= Self-stereotyping =

Concept in psychology

In social psychology, self-stereotyping (or autostereotyping) is a process by which an individual integrates and internalizes commonly held characterizations (i.e. stereotypes or prototypes) of an in-group into their self-concept. It is described as part of social identity theory (SIT) and, more specifically, self-categorization theory (SCT).

According to SIT, group membership is most likely to influence self-concept and self-esteem when the cognitive processes of identification and categorization interact. In other words, when an individual identifies strongly with a group and categorizes him or herself as a member of that group, group membership becomes integrated into the person’s identity.

== Description ==
Self-stereotyping has also been characterized as an overlap between how a person represents their ingroup and how they represent the self. Prior to self-stereotyping, one experiences depersonalization, the process of shedding one's unique identity to merge it with the group identity of the in-group while simultaneously separating themselves from the out-group. Members of low-status groups have been found to be more prone to self-stereotyping than members of high-status groups. Research suggests that members of low-status groups attribute ingroup characteristics to the self via a deduction-to-the-self process. That is, they accept stereotypical characteristics (both positive and negative) of their ingroup as reflective of themselves. Latrofa and colleagues (2012) suggest self-stereotyping increases when low-status groups feel threatened and individuals within the group see more similarities between the group and themselves. Low-status groups' responses to threatening events are influenced by the collective emotion of the group. In contrast, it has been suggested that members of high-status groups tend to project their personal characteristics onto their ingroup using an induction-to-the-ingroup cognitive strategy.

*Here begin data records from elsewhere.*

(* For all integers $d\ge2$ and $k\ge2$ there is an instance $H$ of the MAX-$k$-local Hamiltonian problem on qudits of dimension $d$, with optimal value $\mathrm{OPT}>0$, such that every product state assignment $\sigma=\sigma_1\otimes\cdots\otimes\sigma_n$ has value $\mathrm{Tr}(H\sigma)\le \mathrm{OPT}/d^{\lfloor k/2\rfloor}$. In particular, for $k=2$ the bound $\mathrm{OPT}/d^{k-1}$ achievable by product states is tight.
   Context: MAX-$k$-local Hamiltonian on $d$-level systems (qudits): an instance on $n$ qudits (Hilbert space $(\mathbb{C}^d)^{\otimes n}$) consists of one Hermitian matrix $H_{i_1,\ldots,i_k}$ for each $k$-element subset $\{i_1,\ldots,i_k\}$ of the qudits; each $H_{i_1,\ldots,i_k}$ acts nontrivially only on those $k$ qudits, is positive semidefinite, and has operator norm at most $1$. Put $H=\sum H_{i_1,\ldots,i_k}$. An assignment is any state $\rho$ on the $n$ qudits, with value $\mathrm{Tr}(H\rho)$; $\mathrm{OPT}$ is the largest eigenvalue of $H$. *)

theory Defs
  imports "Jordan_Normal_Form.Char_Poly" "HOL-Library.Cardinality"
begin

text \<open>n qudits of local dimension d: the Hilbert space (C^d)^{tensor n} is C^(d^n), with
  basis index i < d^n encoding the configuration whose q-th qudit (q < n) is digit d q i.\<close>

definition digit :: "nat \<Rightarrow> nat \<Rightarrow> nat \<Rightarrow> nat" where
  "digit d q i = (i div d ^ q) mod d"

definition mtrace :: "complex mat \<Rightarrow> complex" where
  "mtrace A = (\<Sum>i<dim_row A. A $$ (i, i))"

definition hermitian_mat :: "nat \<Rightarrow> complex mat \<Rightarrow> bool" where
  "hermitian_mat m A \<longleftrightarrow> A \<in> carrier_mat m m \<and>
     (\<forall>i<m. \<forall>j<m. A $$ (i, j) = cnj (A $$ (j, i)))"

definition psd_mat :: "nat \<Rightarrow> complex mat \<Rightarrow> bool" where
  "psd_mat m A \<longleftrightarrow> hermitian_mat m A \<and>
     (\<forall>v \<in> carrier_vec m. 0 \<le> Re ((A *\<^sub>v v) \<bullet>c v))"

definition vnorm2 :: "complex vec \<Rightarrow> real" where
  "vnorm2 v = (\<Sum>i<dim_vec v. (cmod (v $ i))\<^sup>2)"

definition opnorm_le1 :: "nat \<Rightarrow> complex mat \<Rightarrow> bool" where
  "opnorm_le1 m A \<longleftrightarrow> (\<forall>v \<in> carrier_vec m. vnorm2 (A *\<^sub>v v) \<le> vnorm2 v)"

definition density_mat :: "nat \<Rightarrow> complex mat \<Rightarrow> bool" where
  "density_mat m A \<longleftrightarrow> psd_mat m A \<and> mtrace A = 1"

text \<open>index into C^(d^|S|) of the restriction of configuration i to the qudits in S
  (qudits of S taken in increasing order)\<close>
definition local_index :: "nat \<Rightarrow> nat set \<Rightarrow> nat \<Rightarrow> nat" where
  "local_index d S i = (\<Sum>t<card S. digit d (sorted_list_of_set S ! t) i * d ^ t)"

text \<open>the operator h (on the qudits in S) tensored with the identity on the other qudits\<close>
definition embed_local :: "nat \<Rightarrow> nat \<Rightarrow> nat set \<Rightarrow> complex mat \<Rightarrow> complex mat" where
  "embed_local n d S h = mat (d ^ n) (d ^ n) (\<lambda>(i, j).
     if (\<forall>q<n. q \<notin> S \<longrightarrow> digit d q i = digit d q j)
     then h $$ (local_index d S i, local_index d S j) else 0)"

definition k_subsets :: "nat \<Rightarrow> nat \<Rightarrow> nat set set" where
  "k_subsets n k = {S. S \<subseteq> {..<n} \<and> card S = k}"

definition valid_instance :: "nat \<Rightarrow> nat \<Rightarrow> nat \<Rightarrow> (nat set \<Rightarrow> complex mat) \<Rightarrow> bool" where
  "valid_instance n d k h \<longleftrightarrow> (\<forall>S \<in> k_subsets n k.
      psd_mat (d ^ k) (h S) \<and> opnorm_le1 (d ^ k) (h S))"

definition hamiltonian :: "nat \<Rightarrow> nat \<Rightarrow> nat \<Rightarrow> (nat set \<Rightarrow> complex mat) \<Rightarrow> complex mat" where
  "hamiltonian n d k h = mat (d ^ n) (d ^ n) (\<lambda>(i, j).
     \<Sum>S \<in> k_subsets n k. embed_local n d S (h S) $$ (i, j))"

definition product_state :: "nat \<Rightarrow> nat \<Rightarrow> (nat \<Rightarrow> complex mat) \<Rightarrow> complex mat" where
  "product_state n d \<sigma> = mat (d ^ n) (d ^ n) (\<lambda>(i, j).
     \<Prod>q<n. \<sigma> q $$ (digit d q i, digit d q j))"

definition is_largest_eigenvalue :: "complex mat \<Rightarrow> real \<Rightarrow> bool" where
  "is_largest_eigenvalue A opt \<longleftrightarrow> eigenvalue A (complex_of_real opt) \<and>
     (\<forall>a. eigenvalue A a \<longrightarrow> Re a \<le> opt)"

end

theory Submission
  imports Defs
begin

text \<open>The instance has a single term acting on all k qudits: the projector onto the state in
  which qudits 2t and 2t+1 (t < k div 2) form maximally entangled pairs and any remaining
  qudit is in state |0>. Being a projector it has largest eigenvalue 1. Against a product
  state its value factorises over the pairs, and a pair of qudits in states \<sigma>, \<tau>
  contributes (1/d) \<Sum>(a,b) \<sigma>(b,a) \<tau>(b,a). Positive semidefiniteness gives
  |\<sigma>(b,a)|^2 \<le> \<sigma>(a,a) \<sigma>(b,b), so by AM-GM the double sum is at most
  tr \<sigma> tr \<tau> = 1, and each pair contributes at most 1/d.\<close>

subsection \<open>Digit expansions\<close>

lemma sum_lessThan_mult:
  fixes F :: "nat \<Rightarrow> 'a::comm_monoid_add"
  shows "(\<Sum>i<D * M. F i) = (\<Sum>j<M. \<Sum>a<D. F (a + D * j))"
proof (induction M)
  case 0
  then show ?case by simp
next
  case (Suc M)
  have "{..<D * Suc M} = {..<D * M} \<union> {D * M..<D * M + D}"
    by (auto simp: algebra_simps)
  then have "(\<Sum>i<D * Suc M. F i) = (\<Sum>i<D * M. F i) + (\<Sum>i\<in>{D * M..<D * M + D}. F i)"
    by (simp add: sum.union_disjoint ivl_disj_int)
  also have "(\<Sum>i\<in>{D * M..<D * M + D}. F i) = (\<Sum>a<D. F (a + D * M))"
    using sum.shift_bounds_nat_ivl[of F 0 "D * M" D] by (simp add: atLeast0LessThan add.commute)
  finally show ?case
    using Suc by simp
qed

lemma digit_0_add_mult: "a < D \<Longrightarrow> digit D 0 (a + D * j) = a"
  by (simp add: digit_def)

lemma digit_Suc_add_mult: "a < D \<Longrightarrow> digit D (Suc t) (a + D * j) = digit D t j"
  by (simp add: digit_def power_Suc div_mult2_eq)

lemma sum_prod_digits:
  fixes g :: "nat \<Rightarrow> nat \<Rightarrow> 'a::comm_semiring_1"
  shows "(\<Sum>i<D ^ m. \<Prod>t<m. g t (digit D t i)) = (\<Prod>t<m. \<Sum>a<D. g t a)"
proof (induction m arbitrary: g)
  case 0
  then show ?case by simp
next
  case (Suc m)
  have "(\<Sum>i<D ^ Suc m. \<Prod>t<Suc m. g t (digit D t i))
      = (\<Sum>j<D ^ m. \<Sum>a<D. \<Prod>t<Suc m. g t (digit D t (a + D * j)))"
    by (simp add: sum_lessThan_mult)
  also have "\<dots> = (\<Sum>j<D ^ m. \<Sum>a<D. g 0 a * (\<Prod>t<m. g (Suc t) (digit D t j)))"
    by (intro sum.cong refl)
      (simp only: prod.lessThan_Suc_shift digit_0_add_mult digit_Suc_add_mult lessThan_iff)
  also have "\<dots> = (\<Sum>a<D. g 0 a) * (\<Sum>j<D ^ m. \<Prod>t<m. g (Suc t) (digit D t j))"
    by (simp add: sum_distrib_right sum_distrib_left)
  also have "\<dots> = (\<Sum>a<D. g 0 a) * (\<Prod>t<m. \<Sum>a<D. g (Suc t) a)"
    using Suc[of "\<lambda>t. g (Suc t)"] by simp
  finally show ?case
    by (simp only: prod.lessThan_Suc_shift)
qed

lemma sum_sum_prod_digits:
  fixes G :: "nat \<Rightarrow> nat \<Rightarrow> nat \<Rightarrow> 'a::comm_semiring_1"
  shows "(\<Sum>i<D ^ m. \<Sum>j<D ^ m. \<Prod>t<m. G t (digit D t i) (digit D t j))
       = (\<Prod>t<m. \<Sum>a<D. \<Sum>b<D. G t a b)"
proof -
  have "(\<Sum>i<D ^ m. \<Sum>j<D ^ m. \<Prod>t<m. G t (digit D t i) (digit D t j))
      = (\<Sum>i<D ^ m. \<Prod>t<m. \<Sum>b<D. G t (digit D t i) b)"
    by (intro sum.cong refl) (rule sum_prod_digits)
  also have "\<dots> = (\<Prod>t<m. \<Sum>a<D. \<Sum>b<D. G t a b)"
    by (rule sum_prod_digits)
  finally show ?thesis .
qed

lemma sum_digit_mult_power: "(\<Sum>t<k. digit d t i * d ^ t) = i mod d ^ k"
proof (induction k)
  case 0
  then show ?case by simp
next
  case (Suc k)
  have "i mod (d ^ k * d) = d ^ k * (i div d ^ k mod d) + i mod d ^ k"
    by (rule mod_mult2_eq)
  then show ?case
    using Suc by (simp add: digit_def power_Suc2 mult.commute)
qed

lemma digit_eq_0_if_less_power: "0 < d \<Longrightarrow> i < d ^ m \<Longrightarrow> m \<le> q \<Longrightarrow> digit d q i = 0"
  using power_increasing[of m q d] by (simp add: digit_def)

lemma digit_double: "0 < d \<Longrightarrow> digit d (2 * t) i = digit (d * d) t i mod d"
  by (simp add: digit_def power_mult power2_eq_square mod_mod_cancel)

lemma digit_Suc_double: "0 < d \<Longrightarrow> digit d (Suc (2 * t)) i = digit (d * d) t i div d"
proof -
  assume d: "0 < d"
  have "i div (d * d) ^ t mod (d * d) = d * (i div (d * d) ^ t div d mod d) + i div (d * d) ^ t mod d"
    by (rule mod_mult2_eq)
  then have "i div (d * d) ^ t mod (d * d) div d = i div (d * d) ^ t div d mod d"
    using d by simp
  moreover have "i div d div (d * d) ^ t = i div (d * d) ^ t div d"
    by (metis div_mult2_eq mult.commute)
  ultimately show ?thesis
    by (simp add: digit_def power_mult power2_eq_square div_mult2_eq power_Suc2)
qed

lemma mult_self_power_le_power:
  fixes d :: nat
  assumes "0 < d" and "2 * p \<le> k"
  shows "(d * d) ^ p \<le> d ^ k"
proof -
  have "(d * d) ^ p = d ^ (2 * p)"
    by (simp add: power_mult power2_eq_square)
  also have "\<dots> \<le> d ^ k"
    using assms by (simp add: power_increasing)
  finally show ?thesis .
qed

lemma prod_lessThan_double:
  fixes f :: "nat \<Rightarrow> 'a::comm_monoid_mult"
  shows "(\<Prod>q<2 * p. f q) = (\<Prod>t<p. f (2 * t) * f (Suc (2 * t)))"
  by (induction p) (simp_all add: mult_ac)

lemma cauchy_schwarz_sum:
  fixes a b :: "nat \<Rightarrow> real"
  shows "(\<Sum>i\<in>I. a i * b i)\<^sup>2 \<le> (\<Sum>i\<in>I. (a i)\<^sup>2) * (\<Sum>i\<in>I. (b i)\<^sup>2)"
proof -
  let ?A = "\<Sum>i\<in>I. (a i)\<^sup>2" and ?B = "\<Sum>i\<in>I. (b i)\<^sup>2" and ?S = "\<Sum>i\<in>I. a i * b i"
  have "0 \<le> (\<Sum>i\<in>I. \<Sum>j\<in>I. (a i * b j - a j * b i)\<^sup>2)"
    by (intro sum_nonneg) auto
  also have "\<dots> = (\<Sum>i\<in>I. \<Sum>j\<in>I. (a i)\<^sup>2 * (b j)\<^sup>2) + (\<Sum>i\<in>I. \<Sum>j\<in>I. (b i)\<^sup>2 * (a j)\<^sup>2)
      - 2 * (\<Sum>i\<in>I. \<Sum>j\<in>I. (a i * b i) * (a j * b j))"
    by (simp add: sum_subtractf sum.distrib sum_distrib_left power2_eq_square algebra_simps)
  also have "\<dots> = ?A * ?B + ?B * ?A - 2 * (?S * ?S)"
    by (simp only: sum_product)
  finally show ?thesis
    by (simp add: power2_eq_square)
qed

lemma cscalar_prod_sum:
  fixes u v :: "complex vec"
  assumes "u \<in> carrier_vec n"
  shows "v \<bullet>c u = (\<Sum>i<n. v $ i * cnj (u $ i))"
  using assms by (simp add: scalar_prod_def atLeast0LessThan)

lemma cscalar_prod_swap:
  fixes u v :: "complex vec"
  assumes "u \<in> carrier_vec n" and "v \<in> carrier_vec n"
  shows "u \<bullet>c v = cnj (v \<bullet>c u)"
  using assms by (simp add: cscalar_prod_sum mult.commute)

=== Positive and negative ===
Self-stereotyping can be characterized as negative and positive. Groups tend to be more accepting of positive stereotypes and ascribe it to themselves and their group, but reject negative stereotypes. However, negative self-stereotyping is sometimes accepted by individuals when it protects the individual from failure and poor judgment being ascribed to the performance of the individual rather than the group.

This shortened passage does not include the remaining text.